Finaly in the end the entire JVM crashed:
{quote}
#
# A fatal error has been detected by the Java Runtime Environment:
#
#  SIGSEGV (0xb) at pc=0x00007f576f13c7d3, pid=1152, tid=140007008368384
#
# JRE version: OpenJDK Runtime Environment (8.0_91-b14) (build 
1.8.0_91-8u91-b14-1~bpo8+1-b14)
# Java VM: OpenJDK 64-Bit Server VM (25.91-b14 mixed mode linux-amd64 
compressed oops)
# Problematic frame:
# V  [libjvm.so+0x6967d3]
#
# Core dump written. Default location: /home/notebook/nbdata/core or core.1152
#
# An error report file with more information is saved as:
# /home/notebook/nbdata/hs_err_pid1152.log
#
# If you would like to submit a bug report, please visit:
#   http://bugreport.java.com/bugreport/crash.jsp
#
Aborted (core dumped)
{quote}

Inside my application i have a HiveContext and repeatedly run 
{{sqlContext.read.json(...).groupBy(...).count.collect}} which gives around 10 
results from 200 million raw json records input.

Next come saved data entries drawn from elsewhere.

(* Fix $\alpha\in(0,1/2)$ and $\theta<0$ with $$\theta>\frac{-\log 2}{\Phi^{-1}(\alpha)-\Phi^{-1}(\alpha/2)}$$ (e.g. for $\alpha=0.025$ this holds for $-2.46<\theta<0$). Then Hommel's procedure $D^H_i(\mathbf p)=\mathbb I\big(p_i\le\alpha/2\ \text{or}\ \max(p_1,p_2)\le\alpha\big)$, $i=1,2$, controls the FWER in the strong sense at level $\alpha$, is marginally nominal $\alpha$, and satisfies $\Pi_1(D^H)\ge\Pi_1(D)$ for every marginally nominal $\alpha$ procedure $D$ that controls the FWER in the strong sense at level $\alpha$.
   Context: Model: $\Theta=\mathbb R^2$, $\vartheta=(\theta_1,\theta_2)$, $p_i=\Phi(\theta_i+Z_i)$ where $Z_1,Z_2$ are independent standard normal and $\Phi$ is the standard normal CDF; the $i$th null hypothesis is true ($h_i=0$) iff $\theta_i\ge0$. A procedure is a measurable $D=(D_1,D_2):[0,1]^2\to\{0,1\}^2$ ($D_i=1$: reject the $i$th null). Strong FWER control at level $\alpha$: $P_\vartheta(\text{some true null is rejected})\le\alpha$ for all $\vartheta$. Marginally nominal $\alpha$: $D_i(\mathbf p)=0$ whenever $p_i>\alpha$. Objective: $\Pi_1(D)=\tfrac12\big[P_{(\theta,0)}(D_1(\mathbf p)=1)+P_{(0,\theta)}(D_2(\mathbf p)=1)\big]$, the expected number of true discoveries when exactly one null is false, each with probability $1/2$, the false one having parameter $\theta$. *)

theory Defs
  imports "HOL-Probability.Probability"
begin

definition std_normal_M :: "real measure" where
  "std_normal_M = density lborel std_normal_density"

definition Phi :: "real \<Rightarrow> real" where
  "Phi x = measure std_normal_M {..x}"

definition Phi_inv :: "real \<Rightarrow> real" where
  "Phi_inv a = (THE x. Phi x = a)"

definition Z_M :: "(real \<times> real) measure" where
  "Z_M = std_normal_M \<Otimes>\<^sub>M std_normal_M"

definition pvals :: "real \<Rightarrow> real \<Rightarrow> real \<times> real \<Rightarrow> real \<times> real" where
  "pvals t1 t2 z = (Phi (t1 + fst z), Phi (t2 + snd z))"

definition Pr :: "real \<Rightarrow> real \<Rightarrow> (real \<times> real \<Rightarrow> bool) \<Rightarrow> real" where
  "Pr t1 t2 E = measure Z_M {z \<in> space Z_M. E (pvals t1 t2 z)}"

(* A procedure: D p = (D_1 p, D_2 p), True = reject; measurable on [0,1]^2 *)
definition is_procedure :: "(real \<times> real \<Rightarrow> bool \<times> bool) \<Rightarrow> bool" where
  "is_procedure D \<longleftrightarrow>
     D \<in> measurable (restrict_space borel ({0..1} \<times> {0..1})) (count_space UNIV)"

(* strong FWER control at level alpha; null i true iff theta_i >= 0 *)
definition strong_FWER :: "real \<Rightarrow> (real \<times> real \<Rightarrow> bool \<times> bool) \<Rightarrow> bool" where
  "strong_FWER \<alpha> D \<longleftrightarrow>
     (\<forall>t1 t2. Pr t1 t2 (\<lambda>p. (t1 \<ge> 0 \<and> fst (D p)) \<or> (t2 \<ge> 0 \<and> snd (D p))) \<le> \<alpha>)"

definition marg_nominal :: "real \<Rightarrow> (real \<times> real \<Rightarrow> bool \<times> bool) \<Rightarrow> bool" where
  "marg_nominal \<alpha> D \<longleftrightarrow>
     (\<forall>p1 p2. p1 \<in> {0..1} \<and> p2 \<in> {0..1} \<longrightarrow>
        (p1 > \<alpha> \<longrightarrow> \<not> fst (D (p1, p2))) \<and> (p2 > \<alpha> \<longrightarrow> \<not> snd (D (p1, p2))))"

definition Pi1 :: "real \<Rightarrow> (real \<times> real \<Rightarrow> bool \<times> bool) \<Rightarrow> real" where
  "Pi1 \<theta> D = (Pr \<theta> 0 (\<lambda>p. fst (D p)) + Pr 0 \<theta> (\<lambda>p. snd (D p))) / 2"

definition hommel :: "real \<Rightarrow> real \<times> real \<Rightarrow> bool \<times> bool" where
  "hommel \<alpha> p =
     (fst p \<le> \<alpha> / 2 \<or> max (fst p) (snd p) \<le> \<alpha>,
      snd p \<le> \<alpha> / 2 \<or> max (fst p) (snd p) \<le> \<alpha>)"

end

theory Submission
  imports Defs
begin

text \<open>Shifting a standard normal by \<open>t\<close> multiplies its density by the likelihood ratio
  \<open>exp (t z - t\<^sup>2/2)\<close>, so \<open>\<Pi>\<^sub>1(D)\<close> is an integral over \<open>Z_M\<close> of the rejection indicators of \<open>D\<close>
  against weights \<open>w(z\<^sub>i)\<close> that decrease in \<open>z\<^sub>i\<close> (as \<open>\<theta> < 0\<close>). Of all FWER constraints only the one at
  \<open>\<theta> = 0\<close> is needed: with \<open>a = \<Phi>\<^sup>-\<^sup>1(\<alpha>)\<close>, \<open>b = \<Phi>\<^sup>-\<^sup>1(\<alpha>/2)\<close> and multiplier \<open>c = w(b)\<close>, Hommel's procedure
  maximises the Lagrangian gain pointwise among marginally nominal decisions (the hypothesis on \<open>\<theta>\<close>
  is exactly \<open>c \<le> 2 w(a)\<close>), and it exhausts the level, rejecting something with probability exactly
  \<open>\<alpha>\<close> under the global null.\<close>


interpretation std_normal: real_distribution std_normal_M
proof -
  have "prob_space std_normal_M"
    unfolding std_normal_M_def by (rule prob_space_normal_density) simp
  then show "real_distribution std_normal_M"
    by (simp add: real_distribution_def real_distribution_axioms_def std_normal_M_def)
qed

lemma sets_std_normal_M [simp, measurable_cong]: "sets std_normal_M = sets borel"
  by (simp add: std_normal_M_def)

lemma space_std_normal_M [simp]: "space std_normal_M = UNIV"
  by (simp add: std_normal_M_def)

lemma Phi_eq_cdf: "Phi = cdf std_normal_M"
  by (simp add: Phi_def[abs_def] cdf_def)

lemma Phi_mono: "x \<le> y \<Longrightarrow> Phi x \<le> Phi y"
  unfolding Phi_eq_cdf by (rule std_normal.cdf_nondecreasing)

On my 20 node cluster this 
spins up ~42000 Tasks for each run. 
My coding does not store as many data that would cause a driver with 8GB memory 
go out of memory. 
So I assume something inside Spark does not cleanup finished tasks correctly or 
that this strange Error, that ignores an update causes the memory leak.

{code}
val conf = new SparkConf().setAppName("Benchmark ")
val sc = new SparkContext(conf)
val sqlContext = new org.apache.spark.sql.hive.HiveContext(sc)
val write = new java.io.PrintWriter(new java.io.FileOutputStream(outFile, 
true))  
for(i <- 1 to count) {
    val startLoadTime = System.nanoTime()
    val df = sqlContext.read.json(...)
    val startExecTime = System.nanoTime()
    df.groupBy(...).count.collect
    val endTime = System.nanoTime()
    val str = s"${timediff(startLoadTime, startExecTime)}, 
${timediff(startExecTime,endTime)}"
    println(f"[$i%03d/${count}%03d] $str%s")
    write.println(str)
    write.flush()
}
write.close()
{code}
I can upload core dump, error log and app code if needed.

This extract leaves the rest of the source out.